Billie Jean King Joins 'War On Women' Campaign In House

WASHINGTON -- Tennis legend Billie Jean King is lending her voice to House Democrats in their "war on women" campaign.

"Some people called my tennis match against Bobby Riggs, 'The Battle of the Sexes,' King says in an email the Democratic Congressional Campaign Committee is set to send out Tuesday afternoon. "But the real battle is playing out in the halls of Congress right now, because Republicans are waging an epic battle against women’s health care choices."

King calls on Democratic supporters to sign a DCCC petition asking House Speaker John Boehner (R-Ohio), House Majority Leader Eric Cantor (R-Va.) and other top Republicans to include women in congressional discussions on topics that affect women's health. She urges supporters to sign the petition to make sure their voices are heard in the wake of last month's GOP-led House committee hearing on birth control that included no female witnesses and no supporters of President Barack Obama's contraception rule.

The DCCC email also hits House Republican leaders for preventing Democrats from televising their own hearing on the issue featuring Sandra Fluke, a witness who was turned away from the House GOP hearing and who supports Obama's contraception rule, which requires most religiously affiliated employers to provide contraception coverage to their employees.

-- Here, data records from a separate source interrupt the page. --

(* Let $x \in \mathcal{O}_s \cup \mathcal{O}_t$ with $x \neq 1$, and let $\lambda = \left(x^{q-1} + x^{-(q-1)}\right)^{q-1}$. Then $$x^{q+1} + \sqrt{(\lambda^{\sqrt{2q}}+1)\lambda}\; x + \lambda^{\sqrt{2q}/2} = 0,$$ where $\sqrt{y}$ denotes the unique square root of $y$ in $E$.
   Context: Let $q = 2^m$ with $m \ge 3$ odd, so that $\sqrt{2q} = 2^{(m+1)/2}$ is an integer and $\sqrt{2q}/2 = 2^{(m-1)/2}$. Let $E = \mathbb{F}_{q^4}$. Put $s = q - \sqrt{2q} + 1$ and $t = q + \sqrt{2q} + 1$. Define $\mathcal{O}_s = \{x \in E \mid x^s = 1\}$ and $\mathcal{O}_t = \{x \in E \mid x^t = 1\}$. *)

theory Defs
  imports Main
begin

text \<open>The square root of an element of a field: the unique y with y^2 = z
  (in a finite field of characteristic 2 it always exists and is unique).\<close>
definition fsqrt :: "'a::field \<Rightarrow> 'a" where
  "fsqrt z = (THE y. y ^ 2 = z)"

definition roots_of_unity :: "nat \<Rightarrow> 'a::field set" where
  "roots_of_unity n = {x. x ^ n = 1}"

end

theory Submission
  imports Defs "HOL-Computational_Algebra.Primes" "HOL-Number_Theory.Residues"
begin

text \<open>A field with \<open>2^(4m)\<close> elements has characteristic 2, so \<open>2^k\<close>-th powers are additive
  and squaring is injective. Put \<open>X = x^q\<close>. Since \<open>s t = q^2 + 1\<close>, every \<open>x \<in> O_s \<union> O_t\<close>
  satisfies \<open>x^(q^2+1) = 1\<close>, i.e. \<open>X^q = x\<^sup>-\<^sup>1\<close>; with this Frobenius shows
  \<open>\<lambda> = \<mu>^2\<close> for \<open>\<mu> = (1 + x X)/(x + X)\<close>, so the square root in the claim is \<open>(\<mu>^r + 1) \<mu>\<close> and
  \<open>\<lambda>^(r/2) = \<mu>^r\<close>. As \<open>x^r\<close> equals \<open>x X\<close> on \<open>O_s\<close> and \<open>(x X)\<^sup>-\<^sup>1\<close> on \<open>O_t\<close>, in both cases
  \<open>\<mu>^r = x (X^2 + 1)/(X (x^2 + 1))\<close>, and the claim becomes a rational identity in \<open>x, X\<close>
  whose numerator is divisible by 2.\<close>

lemma CHAR_eq_2_if_card_eq_power_2:
  assumes "card (UNIV :: 'a::{field,finite} set) = 2 ^ n"
  shows "CHAR('a) = 2"
proof -
  have "prime CHAR('a)"
    by (intro prime_CHAR_semidom finite_imp_CHAR_pos) simp
  moreover have "CHAR('a) dvd 2 ^ n"
    using CHAR_dvd_CARD[where 'a = 'a] assms by simp
  ultimately have "CHAR('a) dvd 2"
    using prime_dvd_power by blast
  with \<open>prime CHAR('a)\<close> show ?thesis
    using primes_dvd_imp_eq two_is_prime_nat by blast
qed

lemma add_power_two_power_CHAR_2:
  fixes a b :: "'a::comm_ring_1"
  assumes "CHAR('a) = 2"
  shows "(a + b) ^ (2 ^ k) = a ^ (2 ^ k) + b ^ (2 ^ k)"
  by (rule freshmans_dream') (use assms in simp_all)

lemma square_eq_square_iff_CHAR_2:
  fixes a b :: "'a::field"
  assumes "CHAR('a) = 2"
  shows "a ^ 2 = b ^ 2 \<longleftrightarrow> a = b"
proof
  assume "a ^ 2 = b ^ 2"
  then have "(a - b) ^ 2 = 0"
    using add_power_two_power_CHAR_2[OF assms, of a "-b" 1] uminus_CHAR_2[OF assms]
    by (simp add: minus_CHAR_2[OF assms])
  then show "a = b" by simp
qed simp

lemma fsqrt_square_CHAR_2:
  fixes a :: "'a::field"
  assumes "CHAR('a) = 2"
  shows "fsqrt (a ^ 2) = a"
  unfolding fsqrt_def using square_eq_square_iff_CHAR_2[OF assms] by auto

lemma square_add_one_ne_zero_CHAR_2:
  fixes x :: "'a::field"
  assumes "CHAR('a) = 2" and "x \<noteq> 1"
  shows "x ^ 2 + 1 \<noteq> 0"
proof -
  have "x ^ 2 + 1 = (x - 1) ^ 2"
    using add_power_two_power_CHAR_2[OF assms(1), of x 1 1]
    by (simp add: minus_CHAR_2[OF assms(1)])
  then show ?thesis using assms(2) by simp
qed

lemma power_power_eq_inverse:
  fixes x :: "'a::field"
  assumes "x ^ (q * q + 1) = 1"
  shows "(x ^ q) ^ q = inverse x"
proof -
  have "x \<noteq> 0" using assms by (auto simp: power_0_left)
  with assms show ?thesis
    by (simp add: power_mult[symmetric] field_simps)
qed

lemma add_power_ne_zero_CHAR_2:
  fixes x :: "'a::field"
  assumes "CHAR('a) = 2" and "x ^ (q * q + 1) = 1" and "x \<noteq> 1"
  shows "x + x ^ q \<noteq> 0"
proof
  assume "x + x ^ q = 0"
  then have "x ^ q = x"
    using uminus_CHAR_2[OF assms(1), of "x ^ q"] by (metis add_eq_0_iff2)
  then have "x = inverse x"
    using power_power_eq_inverse[OF assms(2)] by simp
  moreover have "x \<noteq> 0"
    using assms(2) by (auto simp: power_0_left)
  ultimately have "x ^ 2 = 1 ^ 2"
    by (metis power2_eq_square power_one right_inverse)
  then show False
    using assms(3) square_eq_square_iff_CHAR_2[OF assms(1)] by blast
qed

lemma power_pred_add_inverse_eq_square_CHAR_2:
  fixes x :: "'a::field"
  assumes char: "CHAR('a) = 2" and q: "q = 2 ^ k"
    and x: "x ^ (q * q + 1) = 1" "x \<noteq> 1"
  shows "(x ^ (q - 1) + inverse (x ^ (q - 1))) ^ (q - 1) = ((1 + x * x ^ q) / (x + x ^ q)) ^ 2"
proof -
  define X where "X = x ^ q"
  have "x \<noteq> 0" using x(1) by (auto simp: power_0_left)
  then have "X \<noteq> 0" by (simp add: X_def)
  have "x + X \<noteq> 0" unfolding X_def by (rule add_power_ne_zero_CHAR_2[OF char x])
  have sq_add: "(a + b) ^ 2 = a ^ 2 + b ^ 2" for a b :: 'a
    using add_power_two_power_CHAR_2[OF char, of a b 1] by simp
  define v where "v = X / x + x / X"
  have "x ^ (q - 1) = X / x"
    using \<open>x \<noteq> 0\<close> by (simp add: X_def q power_diff)
  then have lhs: "(x ^ (q - 1) + inverse (x ^ (q - 1))) ^ (q - 1) = v ^ (q - 1)"
    by (simp add: v_def)
  have v: "v = (x + X) ^ 2 / (x * X)"
    unfolding v_def sq_add using \<open>x \<noteq> 0\<close> \<open>X \<noteq> 0\<close> by (simp add: field_simps power2_eq_square)
  have "v ^ (q - 1) * v = v ^ q"
    by (simp add: q flip: power_Suc2)
  also have "\<dots> = (X / x) ^ q + (x / X) ^ q"
    unfolding v_def q by (rule add_power_two_power_CHAR_2[OF char])
  also have "\<dots> = inverse x / X + X / inverse x"
    using power_power_eq_inverse[OF x(1)] by (simp add: power_divide flip: X_def)
  also have "\<dots> = (1 + x * X) ^ 2 / (x * X)"
    unfolding sq_add using \<open>x \<noteq> 0\<close> \<open>X \<noteq> 0\<close> by (simp add: field_simps power2_eq_square)
  also have "\<dots> = ((1 + x * X) / (x + X)) ^ 2 * v"
    unfolding v using \<open>x + X \<noteq> 0\<close> \<open>x \<noteq> 0\<close> \<open>X \<noteq> 0\<close> by (simp add: power_divide)
  finally have "v ^ (q - 1) * v = ((1 + x * X) / (x + X)) ^ 2 * v" .
  moreover have "v \<noteq> 0"
    unfolding v using \<open>x + X \<noteq> 0\<close> \<open>x \<noteq> 0\<close> \<open>X \<noteq> 0\<close> by simp
  ultimately show ?thesis
    unfolding lhs X_def by simp
qed

lemma frac_power_two_power_eq_CHAR_2:
  fixes x :: "'a::field" and q :: nat
  defines "X \<equiv> x ^ q"
  assumes char: "CHAR('a) = 2" and r: "r = 2 ^ j"
    and x: "x ^ (q * q + 1) = 1" "x \<noteq> 1"
    and xr: "x ^ r = x ^ (q + 1) \<or> x ^ r * x ^ (q + 1) = 1"
  shows "((1 + x * X) / (x + X)) ^ r = x * (X ^ 2 + 1) / (X * (x ^ 2 + 1))"
proof -
  have "x \<noteq> 0" using x(1) by (auto simp: power_0_left)
  then have "X \<noteq> 0" by (simp add: X_def)
  have Xq: "X ^ q = inverse x"
    unfolding X_def by (rule power_power_eq_inverse[OF x(1)])
  have "x ^ 2 + 1 \<noteq> 0" by (rule square_add_one_ne_zero_CHAR_2[OF char x(2)])
  have frac_r: "((1 + x * X) / (x + X)) ^ r = (1 + x ^ r * X ^ r) / (x ^ r + X ^ r)"
    unfolding power_divide r by (simp add: add_power_two_power_CHAR_2[OF char] power_mult_distrib)
  have Xr: "X ^ r = (x ^ r) ^ q"
    unfolding X_def by (simp flip: power_mult add: mult.commute)
  from xr show ?thesis
  proof
    assume "x ^ r = x ^ (q + 1)"
    then have xr': "x ^ r = x * X" by (simp add: X_def)
    have Xr': "X ^ r = X / x"
      unfolding Xr xr' by (simp add: power_mult_distrib Xq field_simps flip: X_def)
    show ?thesis
      unfolding frac_r xr' Xr' using \<open>x \<noteq> 0\<close> \<open>X \<noteq> 0\<close> \<open>x ^ 2 + 1 \<noteq> 0\<close>
      by (simp add: field_simps power2_eq_square)
  next
    assume "x ^ r * x ^ (q + 1) = 1"
    then have xr': "x ^ r = inverse (x * X)"
      unfolding X_def using \<open>x \<noteq> 0\<close> by (simp add: field_simps)
    have Xr': "X ^ r = x / X"
      unfolding Xr xr' using \<open>x \<noteq> 0\<close>
      by (simp add: power_mult_distrib Xq power_inverse field_simps flip: X_def)
    show ?thesis
      unfolding frac_r xr' Xr' using \<open>x \<noteq> 0\<close> \<open>X \<noteq> 0\<close> \<open>x ^ 2 + 1 \<noteq> 0\<close>
      by (simp add: divide_simps) (simp add: algebra_simps power2_eq_square)
  qed
qed

lemma quadratic_relation_CHAR_2:
  fixes x X :: "'a::field"
  defines "\<mu> \<equiv> (1 + x * X) / (x + X)" and "M \<equiv> x * (X ^ 2 + 1) / (X * (x ^ 2 + 1))"
  assumes char: "CHAR('a) = 2" and "x \<noteq> 1" "X \<noteq> 0" "x + X \<noteq> 0"
  shows "x * X + (M + 1) * \<mu> * x + M = 0"
proof -
  have "x ^ 2 + 1 \<noteq> 0" by (rule square_add_one_ne_zero_CHAR_2[OF char \<open>x \<noteq> 1\<close>])
  have "x * X + (M + 1) * \<mu> * x + M
      = (x * X * (x + X) * (X * (x ^ 2 + 1)) + (x * (X ^ 2 + 1) + X * (x ^ 2 + 1)) * (1 + x * X) * x
          + x * (X ^ 2 + 1) * (x + X)) / ((x + X) * (X * (x ^ 2 + 1)))"
    unfolding \<mu>_def M_def using assms(5,6) \<open>x ^ 2 + 1 \<noteq> 0\<close> by (simp add: divide_simps)
  also have "\<dots> = 2 * (x*X + x*X^3 + x^2 + 2*x^2*X^2 + x^3*X + x^3*X^3 + x^4*X^2)
      / ((x + X) * (X * (x ^ 2 + 1)))"
    by (simp add: algebra_simps power2_eq_square power3_eq_cube power4_eq_xxxx)
  also have "(2::'a) = 0"
    using of_nat_CHAR[where 'a = 'a] char by simp
  finally show ?thesis by simp
qed

lemma square_add_one_eq_mult:
  fixes q r :: nat
  assumes "r * r = 2 * q" and "r \<le> q"
  shows "(q - r + 1) * (q + r + 1) = q * q + 1"
proof -
  obtain d where d: "q = r + d" using assms(2) le_Suc_ex by blast
  with assms(1) have "r * r = 2 * r + 2 * d" by simp
  then show ?thesis by (simp add: d algebra_simps)
qed

lemma two_power_half_square:
  assumes "odd m"
  shows "(2::nat) ^ ((m + 1) div 2) * 2 ^ ((m + 1) div 2) = 2 * 2 ^ m"
proof -
  have "(m + 1) div 2 + (m + 1) div 2 = Suc m"
    using assms by presburger
  then show ?thesis by (metis power_Suc power_add)
qed

lemma roots_of_unity_conjugate_unionD:
  fixes x :: "'a::field" and q r :: nat
  assumes "r * r = 2 * q" and "r \<le> q"
    and "x \<in> roots_of_unity (q - r + 1) \<union> roots_of_unity (q + r + 1)"
  shows "x ^ (q * q + 1) = 1" and "x ^ r = x ^ (q + 1) \<or> x ^ r * x ^ (q + 1) = 1"
proof -
  have x: "x ^ (q - r + 1) = 1 \<or> x ^ (q + r + 1) = 1"
    using assms(3) by (auto simp: roots_of_unity_def)
  then show "x ^ (q * q + 1) = 1"
    by (metis square_add_one_eq_mult[OF assms(1,2)] power_mult power_one mult.commute)
  from x show "x ^ r = x ^ (q + 1) \<or> x ^ r * x ^ (q + 1) = 1"
  proof
    assume "x ^ (q - r + 1) = 1"
    moreover have "q + 1 = (q - r + 1) + r" using assms(2) by simp
    ultimately show ?thesis by (metis power_add mult_1)
  next
    assume "x ^ (q + r + 1) = 1"
    then show ?thesis by (simp add: power_add mult_ac)
  qed
qed

theorem lemma4p2:
  fixes m :: nat and x :: "'a::{field,finite}"
  defines "q \<equiv> (2::nat) ^ m"
  defines "r \<equiv> (2::nat) ^ ((m + 1) div 2)"
  defines "s \<equiv> q - r + 1"
  defines "t \<equiv> q + r + 1"
  assumes "odd m" and "m \<ge> 3"
  assumes "card (UNIV :: 'a set) = q ^ 4"
  assumes "x \<in> roots_of_unity s \<union> roots_of_unity t" and "x \<noteq> 1"
  defines "lam \<equiv> (x ^ (q - 1) + inverse (x ^ (q - 1))) ^ (q - 1)"
  shows "x ^ (q + 1) + fsqrt ((lam ^ r + 1) * lam) * x + lam ^ (2 ^ ((m - 1) div 2)) = 0"
proof -
  have char: "CHAR('a) = 2"
    using assms(7) by (intro CHAR_eq_2_if_card_eq_power_2) (simp add: q_def flip: power_mult)
  have rr: "r * r = 2 * q"
    unfolding r_def q_def by (rule two_power_half_square[OF assms(5)])
  have "r \<le> q" unfolding r_def q_def by (rule power_increasing) (use assms(6) in auto)
  note x = roots_of_unity_conjugate_unionD[OF rr this assms(8)[unfolded s_def t_def]]
  define \<mu> where "\<mu> = (1 + x * x ^ q) / (x + x ^ q)"
  have lam: "lam = \<mu> ^ 2"
    unfolding lam_def \<mu>_def
    by (rule power_pred_add_inverse_eq_square_CHAR_2[OF char q_def[THEN meta_eq_to_obj_eq] x(1) assms(9)])
  have "((\<mu> ^ r + 1) * \<mu>) ^ 2 = (lam ^ r + 1) * lam"
    using add_power_two_power_CHAR_2[OF char, of "\<mu> ^ r" 1 1]
    by (simp add: lam power_mult_distrib flip: power_mult) (simp add: mult.commute)
  then have "fsqrt ((lam ^ r + 1) * lam) = (\<mu> ^ r + 1) * \<mu>"
    using fsqrt_square_CHAR_2[OF char] by metis
  moreover have "(m + 1) div 2 = Suc ((m - 1) div 2)"
    using assms(5,6) by presburger
  then have "lam ^ (2 ^ ((m - 1) div 2)) = \<mu> ^ r"
    unfolding lam r_def by (simp add: power_mult)
  moreover have "\<mu> ^ r = x * ((x ^ q) ^ 2 + 1) / (x ^ q * (x ^ 2 + 1))"
    unfolding \<mu>_def
    by (rule frac_power_two_power_eq_CHAR_2[OF char r_def[THEN meta_eq_to_obj_eq] x(1) assms(9) x(2)])
  moreover have "x ^ q \<noteq> 0" using x(1) by (auto simp: power_0_left)
  ultimately show ?thesis
    using quadratic_relation_CHAR_2[OF char assms(9) _ add_power_ne_zero_CHAR_2[OF char x(1) assms(9)]]
    by (simp add: \<mu>_def)
qed

end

"If we can get 134,691 more signatures, we'll have one million strong standing against the Republicans' assault on women’s rights," King says. "Will you sign the 'Stop the Republican War on Women' petition today?"

King's email directs readers to the DCCC petition, which lists off other congressional initiatives that Democrats say are proof of House Republicans' "war on women," including a GOP effort to redefine rape to only include cases of "forcible rape" and votes to defund Planned Parenthood.

House Democrats have done well for themselves by campaigning on contraception rights. In less than two weeks, their "war on women" campaign has nearly hit its target of one million signatures and raised more than $1.1 million.